Jobs is where your ELT jobs will live after you’ve scheduled or set up a trigger for them.
DBFS is where you can see data saved to that special storage account created when you created the workspace.
“Secrets” is a local key vault inside Databricks where you can save passwords or sensitive information your workloads need.
SQL is where you will see clusters spun up specifically to support Databricks SQL workloads.
Finally, REPOS is where you can see code that you’ve pushed to your Databricks workspace via a repository. Be careful; this is another “local” repository. It’s like the local copy of your repository on your machine for local development. The difference is this copy is saved on dbfs, and is “local” to your workspace. This is not a copy of the files you would work on while developing data engineering solutions. You’d look at this copy to see if you have successfully pulled the correct version to your workspace. Trust me; this isn’t very clear. We’ll go through how to use this view later in the series.

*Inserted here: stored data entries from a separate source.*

(* Assume the $abc$-conjecture. Let $k \ge 3$ be an integer and $\epsilon>0$. Then there is a constant $C_{k,\epsilon}>0$ such that for all real $x \ge 1$ and all real $y$ with $1 \le y \le x$, \[ Q_k(x+y) - Q_k(x) \le C_{k,\epsilon}\, y^{(2+\epsilon)/k}. \]
   Context: A positive integer $n$ is $k$-full if every prime $p$ dividing $n$ satisfies $p^k \mid n$. $Q_k(x)$ denotes the number of $k$-full positive integers $n \le x$. For a nonzero integer $m$, $\kappa(m)=\prod_{p\mid m} p$ is the product of the distinct primes dividing $m$. The $abc$-conjecture is the statement: for every $\epsilon>0$ there is a constant $C_\epsilon>0$ such that for all integers $a,b,c$ with $a+b=c$ and $\gcd(a,b)=1$, one has $\max\{|a|,|b|,|c|\} \le C_\epsilon\, \kappa(abc)^{1+\epsilon}$. *)

theory Defs
  imports "HOL-Analysis.Analysis" "HOL-Computational_Algebra.Primes"
begin

definition k_full :: "nat \<Rightarrow> nat \<Rightarrow> bool" where
  "k_full k n \<longleftrightarrow> (\<forall>p. prime p \<and> p dvd n \<longrightarrow> p ^ k dvd n)"

definition Q :: "nat \<Rightarrow> real \<Rightarrow> nat" where
  "Q k x = card {n::nat. 0 < n \<and> real n \<le> x \<and> k_full k n}"

definition kappa :: "int \<Rightarrow> int" where
  "kappa m = (\<Prod>p\<in>prime_factors m. p)"

definition abc_conjecture :: bool where
  "abc_conjecture \<longleftrightarrow>
     (\<forall>\<epsilon>::real. \<epsilon> > 0 \<longrightarrow> (\<exists>C::real. C > 0 \<and>
       (\<forall>a b c :: int. a + b = c \<and> coprime a b \<and> a * b * c \<noteq> 0 \<longrightarrow>
          real_of_int (max \<bar>a\<bar> (max \<bar>b\<bar> \<bar>c\<bar>)) \<le> C * real_of_int (kappa (a * b * c)) powr (1 + \<epsilon>))))"

end

theory Submission
  imports Defs
begin

text \<open>Any two k-full numbers a < b have radicals at most b^(1/k), so the abc-conjecture
applied to the coprime triple (a, b - a, b) divided by gcd a b gives
b \<lesssim> (b^(2/k) (b - a))^(1+e), i.e. b - a \<gtrsim> b^(1/(1+e) - 2/k). Thus k-full numbers in (x, x + y]
are spaced at least about x^\<theta> \<ge> y^\<theta> apart, and there are at most about y^(1-\<theta>) of them; for small e
and k \<ge> 3 the exponent 1 - \<theta> is at most (2 + \<epsilon>)/k.\<close>

lemma kappa_pos: "kappa m > 0"
  unfolding kappa_def by (intro prod_pos) (auto dest: prime_factors_gt_0_int)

All these sections will be empty since we’re starting from a fresh workspace.
Conclusion
You now have an IDE wired up to your Databricks workspace! In the next entry, we’ll work through creating a simple notebook locally and executing that notebook on a remote cluster in our workspace. This will mirror the Web UI workflow. It’s essential to see how to reflect that workflow before getting more advanced. If you have any questions, please let me know.